The party, which was once described as neither liberal nor democratic and not even really a party, was trounced by the centre-left Democratic Party of Japan (DPJ). As of 1.20am, the DPJ had gained 304 of the 333 seats won by opposition parties in the 480-seat House of Representatives, or lower house, the more powerful of Japan's bicameral parliament, the Diet. The LDP only managed to garner 116 and its coalition partner, New Komeito, just 19 seats.
Media projections had the DPJ winning as many as 320 seats and the LDP losing two-thirds of its representation.
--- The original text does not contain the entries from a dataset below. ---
lemma right_deriv_approx_left:
  assumes cv: "convex_on {a<..<b} f" and sup: "viscosity_supersolution c f {a<..<b}"
    and t: "t \<in> {a<..<b}" and e: "e > 0"
  obtains t0 where "a < t0" "t0 < t" "right_deriv f b t - e < slope f t0 t"
proof -
  have "\<exists>y\<in>slope f t ` {a<..<t}. right_deriv f b t - e < y"
    using e t convex_supersolution_no_corner[OF cv sup t]
    by (subst less_cSup_iff[symmetric])
      (auto simp: right_deriv_def intro: convex_on_left_slopes_bdd_above[OF cv])
  thus ?thesis using that by (auto simp: slope_commute)
qed

text \<open>Right continuity: \<open>right_deriv f b s \<le> slope f s t\<^sub>2\<close>, which tends to \<open>slope f t t\<^sub>2\<close>
  as \<open>s \<rightarrow> t\<close>; left continuity symmetrically, using the absence of corners.\<close>

lemma right_deriv_isCont:
  assumes cv: "convex_on {a<..<b} f" and sup: "viscosity_supersolution c f {a<..<b}"
    and t: "t \<in> {a<..<b}"
  shows "isCont (right_deriv f b) t"
  unfolding isCont_def
proof (rule tendstoI)
  let ?v = "right_deriv f b"
  fix e :: real assume e: "e > 0"
  have fc: "isCont f s" if "s \<in> {a<..<b}" for s
    using convex_on_continuous[OF open_greaterThanLessThan cv] that
    by (simp add: continuous_on_eq_continuous_at)
  obtain t2 where t2: "t < t2" "t2 < b" "slope f t t2 < ?v t + e"
    using right_deriv_approx_right[OF cv t e] .
  obtain t0 where t0: "a < t0" "t0 < t" "?v t - e < slope f t0 t"
    using right_deriv_approx_left[OF cv sup t e] .
  have "isCont (\<lambda>s. slope f s t2) t" "isCont (\<lambda>s. slope f t0 s) t"
    unfolding slope_def using fc t t0 t2 by (auto intro!: continuous_intros)
  hence "\<forall>\<^sub>F s in at t. slope f s t2 < ?v t + e" "\<forall>\<^sub>F s in at t. ?v t - e < slope f t0 s"
    using t0(3) t2(3) by (auto simp: isCont_def intro: order_tendstoD)
  moreover have "\<forall>\<^sub>F s in at t. s \<in> {t0<..<t2}"
    using t0 t2 by (intro eventually_at_in_open') auto
  ultimately show "\<forall>\<^sub>F s in at t. dist (?v s) (?v t) < e"
  proof eventually_elim
    case (elim s)
    consider "s < t" | "s = t" | "t < s" by linarith
    thus ?case
    proof cases
      case 1
      have "slope f t0 s \<le> ?v s" "?v s \<le> ?v t"
        using 1 elim t0 t by (auto intro: slope_le_right_deriv[OF cv sup] right_deriv_mono[OF cv sup])
      thus ?thesis using elim by (simp add: dist_real_def)
    next
      case 3
      have "?v s \<le> slope f s t2" "?v t \<le> ?v s"
        using 3 elim t2 t by (auto intro: right_deriv_le_slope[OF cv] right_deriv_mono[OF cv sup])
      thus ?thesis using elim by (simp add: dist_real_def)
    qed (simp add: e)
  qed
qed

lemma convex_supersolution_has_derivative:
  assumes cv: "convex_on {a<..<b} f" and sup: "viscosity_supersolution c f {a<..<b}"
    and t: "t \<in> {a<..<b}"
  shows "(f has_real_derivative right_deriv f b t) (at t)"
  unfolding has_field_derivative_iff
proof (rule tendsto_sandwich)
  let ?v = "right_deriv f b"
  have lim: "(?v \<longlongrightarrow> ?v t) (at t)" using right_deriv_isCont[OF cv sup t] by (simp add: isCont_def)
  show "((\<lambda>s. min (?v s) (?v t)) \<longlongrightarrow> ?v t) (at t)" "((\<lambda>s. max (?v s) (?v t)) \<longlongrightarrow> ?v t) (at t)"
    using tendsto_min[OF lim tendsto_const[of "?v t"]] tendsto_max[OF lim tendsto_const[of "?v t"]]
    by simp_all
  have between: "min (?v s) (?v t) \<le> (f s - f t) / (s - t) \<and> (f s - f t) / (s - t) \<le> max (?v s) (?v t)"
    if s: "s \<in> {a<..<b} - {t}" for s
  proof -
    have q: "(f s - f t) / (s - t) = slope f s t" by (simp add: slope_def)
    consider "s < t" | "t < s" using s by force
    thus ?thesis
    proof cases
      case 1
      thus ?thesis using s t q slope_le_right_deriv[OF cv sup, of s t] right_deriv_le_slope[OF cv, of s t]
        by auto
    next
      case 2
      thus ?thesis using s t q slope_le_right_deriv[OF cv sup, of t s] right_deriv_le_slope[OF cv, of t s]
        by (auto simp: slope_commute)
    qed
  qed
  have "\<forall>\<^sub>F s in at t. s \<in> {a<..<b} - {t}" using t by (intro eventually_at_in_open) auto
  thus "\<forall>\<^sub>F s in at t. min (?v s) (?v t) \<le> (f s - f t) / (s - t)"
    "\<forall>\<^sub>F s in at t. (f s - f t) / (s - t) \<le> max (?v s) (?v t)"
    by (auto elim!: eventually_mono simp: between)
qed

section \<open>Comparison with cube-root profiles\<close>

lemma second_order_upper_bound:
  fixes g :: "real \<Rightarrow> real"
  assumes \<eta>0: "\<eta>0 > 0"
    and d1: "\<And>s. \<bar>s - t\<bar> < \<eta>0 \<Longrightarrow> (g has_real_derivative g' s) (at s)"
    and d2: "\<And>s. \<bar>s - t\<bar> < \<eta>0 \<Longrightarrow> (g' has_real_derivative g'' s) (at s)"
    and cont: "isCont g'' t" and X: "g'' t < X"
  shows "\<exists>\<eta>>0. \<forall>s. \<bar>s - t\<bar> < \<eta> \<longrightarrow> g s \<le> g t + g' t * (s - t) + X / 2 * (s - t)\<^sup>2"
proof -
  obtain \<eta>1 where \<eta>1: "\<eta>1 > 0" "\<And>s. dist s t < \<eta>1 \<Longrightarrow> dist (g'' s) (g'' t) < X - g'' t"
    using cont[unfolded continuous_at_eps_delta] X by (meson diff_gt_0_iff_gt)
  define \<eta> where "\<eta> = min \<eta>0 \<eta>1 / 2"
  have \<eta>: "\<eta> > 0" "\<eta> < \<eta>0" "\<eta> < \<eta>1" using \<eta>0 \<eta>1 by (auto simp: \<eta>_def)
  define diff where "diff m = (if m = 0 then g else if m = 1 then g' else g'')" for m :: nat
  have D: "\<forall>m s. m < 2 \<and> t - \<eta> \<le> s \<and> s \<le> t + \<eta> \<longrightarrow> (diff m has_real_derivative diff (Suc m) s) (at s)"
  proof (intro allI impI)
    fix m :: nat and s :: real assume ms: "m < 2 \<and> t - \<eta> \<le> s \<and> s \<le> t + \<eta>"
    hence "\<bar>s - t\<bar> < \<eta>0" using \<eta> by auto
    thus "(diff m has_real_derivative diff (Suc m) s) (at s)"
      using ms d1 d2 by (cases "m = 0") (auto simp: diff_def)
  qed
  have "g s \<le> g t + g' t * (s - t) + X / 2 * (s - t)\<^sup>2" if s: "\<bar>s - t\<bar> < \<eta>" for s
  proof (cases "s = t")
    case False
    have "\<exists>\<xi>. (if s < t then s < \<xi> \<and> \<xi> < t else t < \<xi> \<and> \<xi> < s) \<and>
        g s = (\<Sum>m<2. diff m t / fact m * (s - t) ^ m) + diff 2 \<xi> / fact 2 * (s - t)\<^sup>2"
      by (rule Taylor[of 2 diff g "t - \<eta>" "t + \<eta>" t s]) (use D s False \<eta> in \<open>auto simp: diff_def\<close>)
    then obtain \<xi> where \<xi>: "(if s < t then s < \<xi> \<and> \<xi> < t else t < \<xi> \<and> \<xi> < s)"
      and taylor: "g s = (\<Sum>m<2. diff m t / fact m * (s - t) ^ m) + diff 2 \<xi> / fact 2 * (s - t)\<^sup>2"
      by blast
    have "\<bar>\<xi> - t\<bar> < \<eta>" using \<xi> s by (auto split: if_splits)
    hence "g'' \<xi> \<le> X" using \<eta>1(2)[of \<xi>] \<eta> by (simp add: dist_real_def)
    hence "g'' \<xi> / 2 * (s - t)\<^sup>2 \<le> X / 2 * (s - t)\<^sup>2" by (intro mult_right_mono) auto
    thus ?thesis using taylor by (simp add: diff_def numeral_2_eq_2)
  qed simp
  thus ?thesis using \<eta> by blast
qed

lemma root3_less_iff: "root 3 x < y \<longleftrightarrow> x < y ^ 3"
  by (metis odd_real_root_power_cancel odd_numeral real_root_less_iff zero_less_numeral)

lemma less_root3_iff: "y < root 3 x \<longleftrightarrow> y ^ 3 < x"
  by (metis odd_real_root_power_cancel odd_numeral real_root_less_iff zero_less_numeral)

lemma has_real_derivative_root3_affine:
  assumes "A + 3 * k * s \<noteq> 0"
  shows "((\<lambda>s. root 3 (A + 3 * k * s)) has_real_derivative k / root 3 (A + 3 * k * s) ^ 2) (at s)"
proof -
  have "(root 3 has_real_derivative inverse (real 3 * root 3 (A + 3 * k * s) ^ (3 - Suc 0)))
      (at (A + 3 * k * s))"
    by (rule DERIV_real_root_generic) (use assms in auto)
  hence "((\<lambda>s. root 3 (A + 3 * k * s)) has_real_derivative
      inverse (real 3 * root 3 (A + 3 * k * s) ^ (3 - Suc 0)) * (3 * k)) (at s)"
    by (rule DERIV_chain2[where f = "root 3" and g = "\<lambda>s. A + 3 * k * s"])
      (auto intro!: derivative_eq_intros)
  moreover have "inverse (real 3 * root 3 (A + 3 * k * s) ^ (3 - Suc 0)) * (3 * k)
      = k / root 3 (A + 3 * k * s) ^ 2"
    by (simp add: field_simps power2_eq_square)
  ultimately show ?thesis by simp
qed

text \<open>The solutions of \<open>(w')\<^sup>2 w'' = k\<close> with \<open>w' = (A + 3 k s)\<^sup>1\<^sup>/\<^sup>3\<close>; they are the comparison
  functions for the one-dimensional equation.\<close>

definition cube_root_profile :: "real \<Rightarrow> real \<Rightarrow> real \<Rightarrow> real" where
  "cube_root_profile A k s = root 3 (A + 3 * k * s) ^ 4 / (4 * k)"

lemma cube_root_profile_has_derivative:
  assumes "A + 3 * k * s \<noteq> 0" "k \<noteq> 0"
  shows "(cube_root_profile A k has_real_derivative root 3 (A + 3 * k * s)) (at s)"
proof -
  let ?r = "root 3 (A + 3 * k * s)"
  have "?r \<noteq> 0" using assms by simp
  moreover have "(cube_root_profile A k has_real_derivative
      of_nat 4 * ((k / ?r\<^sup>2) * ?r ^ (4 - Suc 0)) / (4 * k)) (at s)"
    unfolding cube_root_profile_def
    by (rule DERIV_cdivide, rule DERIV_power[OF has_real_derivative_root3_affine[OF assms(1)]])
  ultimately show ?thesis
    using assms(2) by (simp add: field_simps power2_eq_square power3_eq_cube)
qed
It was a victory of unprecedented proportions for the party led by Yukio Hatoyama. No other party in Japanese political history has ever doubled its representation in the Diet. The DPJ almost tripled the number of seats it held when Prime Minister Taro Aso dissolved the lower house on 20 July. Despite bad weather caused by an approaching typhoon, voter turnout had been projected at 70 per cent.
Gerald Curtis of Columbia University, an expert on Japanese politics, said: "There aren't many junctures in Japan's post-war politics when you can say, 'That was a day that history changed.' Today was such a day."
Mr Aso told reporters he would resign as party president to take responsibility for the LDP's drubbing and schedule a party leadership election.
The LDP's failure to find a solution to Japan's protracted economic woes was the strongest reason for the unprecedented humiliation the party suffered. "Nothing will ever change under the LDP," said Ami Nitano, 20, voting for the first time in her Chiba constituency north of Tokyo, explaining why she voted DPJ.
There was widespread agreement that the economy was the central issue in the election. The government reported on Friday that unemployment had reached an all-time high of 5.7 per cent in July. Deflation worsened in the same month, with consumer prices tumbling a record 2.2 per cent.
"The economy is a mess," 61-year-old restaurant owner Hiroshi Iwaya said as he made his way to a polling station in Yachiyo. A lifelong LDP voter, Mr Iwaya said that this time he planned to cast his ballot for the DPJ.
The DPJ pledged to introduce child benefits throughout junior high school, pension reform, free public school education, income subsidies for farmers, to eliminate wasteful pork-barrel spending on public works projects and to abolish motorway tolls. But it pledged foreign policy continuity based on the Japan-US security alliance.
Its most ambitious pledge was to transfer policymaking power from bureaucrats to politicians. It plans to create a "national strategy bureau", under the direct control of the Prime Minister, which will set policies and compile the national budget.